223Ra-Cl provides palliative treatment of bone pain in men with prostate cancer and is approved by NICE. Translation of this innovative product, the first clinical use of alpha emitters, was made easier by the physical properties of 223Ra. One per cent of its decay is a gamma emission that conveniently allows the radioactivity to be measured accurately using conventional equipment. Without this, its adoption would be more problematic, slower and costly.

So, in a population that needs treatments with low toxicity, it’s a benefit that it can be administered via a quick injection once a month for six months on an outpatient basis. The treatment requires no complicated radiation protection guidance thanks to the properties of alphas; patients can have it and just go home.  

The importance of discussing post-treatment advice to patients

Nuclear medicine does not function without the whole team: the patient, nuclear medicine physicians, radiologists, imaging technologists, nurses and nuclear medicine physicists. mRT has always required the patient to be consulted.

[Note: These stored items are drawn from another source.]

lemma hessian_generic_mult_cube_root:
  fixes u y :: "'a::field"
  assumes y: "y^3 = 1" and u: "u^3 \<noteq> 27"
    and c4: "hessian_c4 u \<noteq> 0" and c6: "hessian_c6 u \<noteq> 0"
  shows "y * u \<noteq> 3" and "hessian_c4 (y * u) * hessian_c6 (y * u) * hessian_disc (y * u) \<noteq> 0"
proof -
  have "(y * u)^3 = u^3" using y by (simp add: power_mult_distrib)
  with u show "y * u \<noteq> 3" by auto
  have "y \<noteq> 0" using y by auto
  moreover have "hessian_disc u \<noteq> 0" using u by (simp add: hessian_disc_def)
  ultimately show "hessian_c4 (y * u) * hessian_c6 (y * u) * hessian_disc (y * u) \<noteq> 0"
    unfolding hessian_invariants_mult_cube_root[OF y] using c4 c6 by simp
qed

lemma hessian_orbit_representatives:
  fixes u \<omega> :: "'a::field"
  assumes n3: "(3::'a) \<noteq> 0" and om: "\<omega>^2 + \<omega> + 1 = 0" and u: "u^3 \<noteq> 27"
    and c4: "hessian_c4 u \<noteq> 0" and c6: "hessian_c6 u \<noteq> 0"
  defines "X \<equiv> insert u ((\<lambda>y. hessian_flip (y * u)) ` {1, \<omega>, \<omega>^2})"
  shows "0 \<notin> X" and "inj_on (\<lambda>x. x^3) X" and "card X = 4"
proof -
  note generic = hessian_generic_mult_cube_root[OF cube_roots_of_unity[OF om] u c4 c6]
  have "u \<noteq> 0" using c4 by (auto simp: hessian_c4_def)
  have flip_neq_0: "hessian_flip (y * u) \<noteq> 0" if "y \<in> {1, \<omega>, \<omega>^2}" for y
  proof
    assume "hessian_flip (y * u) = 0"
    moreover have "hessian_flip (y * u) * (y * u - 3) = 3 * (y * u + 6)"
      by (rule hessian_flip_eq[OF generic(1)[OF that]])
    ultimately have "3 * (y * u + 6) = 0" by simp
    then have "y * u = -6" using n3 by (metis mult_eq_0_iff eq_neg_iff_add_eq_0)
    then have "hessian_c4 (y * u) = 0" by (simp add: hessian_c4_def)
    then show False using generic(2)[OF that] by simp
  qed
  show "0 \<notin> X"
  proof
    assume "0 \<in> X"
    then have "0 = u \<or> (\<exists>y \<in> {1, \<omega>, \<omega>^2}. 0 = hessian_flip (y * u))"
      unfolding X_def by (simp only: insert_iff image_iff)
    then show False using \<open>u \<noteq> 0\<close> flip_neq_0 by metis
  qed
  have flip_cube: "hessian_flip (y * u) ^ 3 \<noteq> u ^ 3" if "y \<in> {1, \<omega>, \<omega>^2}" for y
    using hessian_flip_cube_neq_cube[OF n3 om generic[OF that]] cube_roots_of_unity[OF om that]
    by (simp add: power_mult_distrib)
  have flip_flip_cube: "hessian_flip (y * u) ^ 3 \<noteq> hessian_flip (z * (y * u)) ^ 3"
    if "y \<in> {1, \<omega>, \<omega>^2}" "z = \<omega> \<or> z = \<omega>^2" "z * y \<in> {1, \<omega>, \<omega>^2}" for y z
    using hessian_flip_cube_neq_flip_cube[OF n3 om that(2) generic(1)[OF that(1)] _ generic(2)[OF that(1)]]
      generic(1)[OF that(3)] by (simp add: mult.assoc)
  have "\<omega>^3 = 1" by (rule omega_cube_eq_1[OF om])
  then have \<omega>\<omega>: "\<omega> * \<omega> = \<omega>^2" "\<omega> * \<omega>^2 = 1"
    by (simp_all add: power2_eq_square power3_eq_cube mult.assoc)
  have distinct: "hessian_flip u ^ 3 \<noteq> u ^ 3" "hessian_flip (\<omega> * u) ^ 3 \<noteq> u ^ 3"
    "hessian_flip (\<omega>^2 * u) ^ 3 \<noteq> u ^ 3"
    "hessian_flip u ^ 3 \<noteq> hessian_flip (\<omega> * u) ^ 3"
    "hessian_flip u ^ 3 \<noteq> hessian_flip (\<omega>^2 * u) ^ 3"
    "hessian_flip (\<omega> * u) ^ 3 \<noteq> hessian_flip (\<omega>^2 * u) ^ 3"
    subgoal using flip_cube[of 1] by simp
    subgoal using flip_cube[of \<omega>] by simp
    subgoal using flip_cube[of "\<omega>^2"] by simp
    subgoal using flip_flip_cube[of 1 \<omega>] by simp
    subgoal using flip_flip_cube[of 1 "\<omega>^2"] by simp
    subgoal using flip_flip_cube[of \<omega> \<omega>] by (simp add: \<omega>\<omega> mult.assoc[symmetric])
    done
  show inj: "inj_on (\<lambda>x. x^3) X" using distinct unfolding X_def by (auto simp: inj_on_def)
  have "card ((\<lambda>x. x^3) ` X) = 4" using distinct unfolding X_def by simp
  then show "card X = 4" using inj by (simp add: card_image)
qed

lemma card_I_H_generic:
  fixes u \<omega> :: "'a::field"
  assumes n3: "(3::'a) \<noteq> 0" and om: "\<omega>^2 + \<omega> + 1 = 0" and u: "u^3 \<noteq> 27"
    and "hessian_c4 u \<noteq> 0" and "hessian_c6 u \<noteq> 0"
  shows "card (I_H u) = 12"
proof -
  define X where "X = insert u ((\<lambda>y. hessian_flip (y * u)) ` {1, \<omega>, \<omega>^2})"
  note X = hessian_orbit_representatives[OF assms, folded X_def]
  have "card ((\<lambda>(z, x). z * x) ` ({1, \<omega>, \<omega>^2} \<times> X)) = 3 * card X"
    by (rule card_image_mult_cube_roots[OF n3 om _ X(1,2)]) (simp add: X_def)
  then show ?thesis unfolding I_H_eq_orbit[OF n3 om u] hessian_orbit_def X_def[symmetric] X(3) by simp
qed

lemma card_I_H_c4_eq_0:
  fixes u \<omega> :: "'a::field"
  assumes n3: "(3::'a) \<noteq> 0" and n2: "(2::'a) \<noteq> 0" and om: "\<omega>^2 + \<omega> + 1 = 0"
    and u: "u^3 \<noteq> 27" and c4: "hessian_c4 u = 0"
  shows "card (I_H u) = 4"
proof -
  have "hessian_disc u \<noteq> 0" using u by (simp add: hessian_disc_def)
  then have j_diff: "hessian_j_diff u v = 0 \<longleftrightarrow> hessian_c4 v = 0" for v
    unfolding hessian_j_diff_def using c4 by simp
  have "(27::'a) \<noteq> 0" "(243::'a) \<noteq> 0"
    using power_not_zero[OF n3, of 3] power_not_zero[OF n3, of 5] by simp_all
  then have "v^3 \<noteq> 27" if "hessian_c4 v = 0" for v :: 'a
    using that unfolding hessian_c4_def by (auto simp: add_eq_0_iff2)
  then have "I_H u = {v. hessian_c4 v = 0}"
    unfolding I_H_eq_j_diff_roots[OF n3 om u] j_diff by blast
  also have "\<dots> = (\<lambda>z. - (6 * z)) ` {0, 1, \<omega>, \<omega>^2}"
  proof -
    have "hessian_c4 v = v * (v + 6) * (v + 6 * \<omega>) * (v + 6 * \<omega>^2)" for v
      unfolding hessian_c4_def using om by algebra
    then show ?thesis by (auto simp: eq_neg_iff_add_eq_0)
  qed
  also have "card \<dots> = card {0, 1, \<omega>, \<omega>^2}"
  proof (rule card_image)
    have "(2::'a) * 3 \<noteq> 0" using n2 n3 by (metis mult_eq_0_iff)
    then show "inj_on (\<lambda>z. - (6 * z)) {0, 1, \<omega>, \<omega>^2}" by (simp add: inj_on_def)
  qed
  finally show ?thesis using omega_distinct[OF n3 om] by simp
qed

lemma hessian_c4_cube_sub_disc_cube: "hessian_c4 x ^ 3 - 1728 * hessian_disc x ^ 3 = hessian_c6 x ^ 2"
  unfolding hessian_c4_def hessian_c6_def hessian_disc_def by algebra

lemma card_I_H_c6_eq_0:
  fixes u \<omega> :: "'a::field"
  assumes n3: "(3::'a) \<noteq> 0" and n2: "(2::'a) \<noteq> 0" and om: "\<omega>^2 + \<omega> + 1 = 0"
    and u: "u^3 \<noteq> 27" and c6: "hessian_c6 u = 0"
  shows "card (I_H u) = 6"
proof -
  note \<omega> = omega_distinct[OF n3 om]
  have "hessian_disc u \<noteq> 0" using u by (simp add: hessian_disc_def)
  moreover have "hessian_j_diff u v = - (hessian_disc u ^ 3 * hessian_c6 v ^ 2)" for v
  proof -
    have "hessian_c4 u ^ 3 = 1728 * hessian_disc u ^ 3"
      using hessian_c4_cube_sub_disc_cube[of u] c6 by simp
    moreover have "hessian_c4 v ^ 3 = hessian_c6 v ^ 2 + 1728 * hessian_disc v ^ 3"
      using hessian_c4_cube_sub_disc_cube[of v] by (simp add: algebra_simps)
    ultimately show ?thesis unfolding hessian_j_diff_def by (simp add: algebra_simps)
  qed
  ultimately have j_diff: "hessian_j_diff u v = 0 \<longleftrightarrow> hessian_c6 v = 0" for v by simp
  have "v^3 \<noteq> 27" if "hessian_c6 v = 0" for v :: 'a
  proof
    assume "v^3 = 27"
    have "hessian_c6 v = (v^3)^2 - 540 * v^3 - 5832" unfolding hessian_c6_def by algebra
    also have "\<dots> = - (3^9)" unfolding \<open>v^3 = 27\<close> by simp
    finally show False using that power_not_zero[OF n3, of 9] by simp
  qed
  then have I: "I_H u = {v. hessian_c6 v = 0}"
    unfolding I_H_eq_j_diff_roots[OF n3 om u] j_diff by blast
  txt \<open>The roots of \<open>hessian_c6\<close> are \<open>z (3 \<pm> 3 s)\<close> with \<open>z^3 = 1\<close> and \<open>s^2 = 3\<close>.\<close>
  have "hessian_c6 u = (u^2 - 6 * u - 18) * (u^2 - 6 * \<omega> * u - 18 * \<omega>^2)
      * (u^2 - 6 * \<omega>^2 * u - 18 * (\<omega>^2)^2)"
    unfolding hessian_c6_def using om by algebra
  then have "u^2 - 6 * u - 18 = 0 \<or> u^2 - 6 * \<omega> * u - 18 * \<omega>^2 = 0
      \<or> u^2 - 6 * \<omega>^2 * u - 18 * (\<omega>^2)^2 = 0"
    using c6 by (metis mult_eq_0_iff)
  then have "\<exists>z. z \<noteq> 0 \<and> u^2 - 6 * z * u - 18 * z^2 = 0"
    using \<omega>(1) by (elim disjE) (force intro: exI[of _ 1] exI[of _ \<omega>] exI[of _ "\<omega>^2"])+
  then obtain z where "z \<noteq> 0" and z: "u^2 - 6 * z * u - 18 * z^2 = 0" by blast
  define s where "s = (u - 3 * z) / (3 * z)"
  have "s * (3 * z) = u - 3 * z" unfolding s_def using \<open>z \<noteq> 0\<close> n3 by simp
  then have "9 * z^2 * (s^2 - 3) = 0" using z by algebra
  then have s: "s^2 = 3" using \<open>z \<noteq> 0\<close> power_not_zero[OF n3, of 2] by simp
  define a b where "a = 3 + 3 * s" and "b = 3 - 3 * s"
  have "hessian_c6 x = (x - 1 * a) * (x - 1 * b) * (x - \<omega> * a) * (x - \<omega> * b)
      * (x - \<omega>^2 * a) * (x - \<omega>^2 * b)" for x
    unfolding hessian_c6_def a_def b_def using om s by algebra
  then have roots: "{v. hessian_c6 v = 0} = (\<lambda>(z, x). z * x) ` ({1, \<omega>, \<omega>^2} \<times> {a, b})"
    by (auto simp: mem_image_mult_Times_iff)
  have "(3::'a) \<noteq> 1"
  proof
    assume "(3::'a) = 1"
    then have "(3::'a) - 1 = 0" by simp
    with n2 show False by simp
  qed
  then have "s \<noteq> 1" "s \<noteq> -1" "s \<noteq> 0" using s n3 by auto
  have "a = 3 * (s + 1)" "b = 3 * (1 - s)" unfolding a_def b_def by algebra+
  moreover have "s + 1 \<noteq> 0" "1 - s \<noteq> 0"
    using \<open>s \<noteq> 1\<close> \<open>s \<noteq> -1\<close> by (simp_all add: eq_neg_iff_add_eq_0[symmetric])
  ultimately have "a \<noteq> 0" "b \<noteq> 0" using n3 by (metis mult_eq_0_iff)+
  have "a^3 \<noteq> b^3"
  proof
    assume "a^3 = b^3"
    moreover have "a^3 - b^3 = 54 * s * (3 + s^2)" unfolding a_def b_def by algebra
    ultimately have "2^2 * 3^4 * s = 0" using s by simp
    then show False using n2 n3 \<open>s \<noteq> 0\<close> by (metis mult_eq_0_iff power_not_zero)
  qed
  then have "card ((\<lambda>(z, x). z * x) ` ({1, \<omega>, \<omega>^2} \<times> {a, b})) = 3 * card {a, b}"
    using \<open>a \<noteq> 0\<close> \<open>b \<noteq> 0\<close> by (intro card_image_mult_cube_roots[OF n3 om]) auto
  moreover have "a \<noteq> b" using \<open>a^3 \<noteq> b^3\<close> by auto
  ultimately show ?thesis unfolding I roots by simp
qed

theorem mainTheorem11:
  fixes u :: "'a::{finite, field}"
  assumes "u ^ 3 \<noteq> 27"
  shows "(card (UNIV :: 'a set) mod 3 \<in> {0, 2} \<longrightarrow> card (I_H u) = 1)
       \<and> (card (UNIV :: 'a set) mod 3 = 1 \<and> CHAR('a) \<noteq> 2 \<and> A_coef u = 0 \<longrightarrow> card (I_H u) = 4)
       \<and> (card (UNIV :: 'a set) mod 3 = 1 \<and> CHAR('a) \<noteq> 2 \<and> B_coef u = 0 \<longrightarrow> card (I_H u) = 6)
       \<and> (card (UNIV :: 'a set) mod 3 = 1 \<and> A_coef u * B_coef u \<noteq> 0 \<longrightarrow> card (I_H u) = 12)"
proof (cases "(3::'a) = 0")
  case True
  then show ?thesis
    using card_UNIV_mod_3_if_char_3[OF True] I_H_eq_singleton_char_3[OF True assms] by simp
next
  case n3: False
  show ?thesis
  proof (cases "\<exists>\<omega>::'a. \<omega>^2 + \<omega> + 1 = 0")
    case False
    then have no: "\<And>x::'a. x^2 + x + 1 \<noteq> 0" by blast
    show ?thesis
      using card_UNIV_mod_3_if_no_omega[OF no] I_H_eq_singleton_no_omega[OF n3 no assms] by simp
  next
    case True
    then obtain \<omega> :: 'a where om: "\<omega>^2 + \<omega> + 1 = 0" by blast
    note A = A_coef_eq_0_iff[OF n3] and B = B_coef_eq_0_iff[OF n3] and n2 = CHAR_eq_2_iff[where 'a = 'a]
    have "CHAR('a) \<noteq> 2 \<and> A_coef u = 0 \<longrightarrow> card (I_H u) = 4"
      using card_I_H_c4_eq_0[OF n3 _ om assms] A n2 by blast
    moreover have "CHAR('a) \<noteq> 2 \<and> B_coef u = 0 \<longrightarrow> card (I_H u) = 6"
      using card_I_H_c6_eq_0[OF n3 _ om assms] B n2 by blast
    moreover have "A_coef u * B_coef u \<noteq> 0 \<longrightarrow> card (I_H u) = 12"
      using card_I_H_generic[OF n3 om assms] A B by simp
    ultimately show ?thesis using card_UNIV_mod_3_if_omega[OF n3 om] by simp
  qed
qed

end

Post-treatment advice to family and friends on reducing radiation doses requires two-way conversations on the practicalities of life. There must be compromise and understanding on both sides to ensure the best outcomes.

Nuclear medicine theranostics is the ultimate just-in-time medicine. It comprises short-lived radiopharmaceuticals, optimised to deliver high radiation doses to tumours. It benefits from a fast rate of decay, so reduces side effects to other organs. This therapy allows patients to return home with minimal disruption to their lives.

Future innovations in mRT need to consider the benefits beyond clinical trials to ensure acceptance in healthcare systems that need simplicity to ensure long-term sustainability.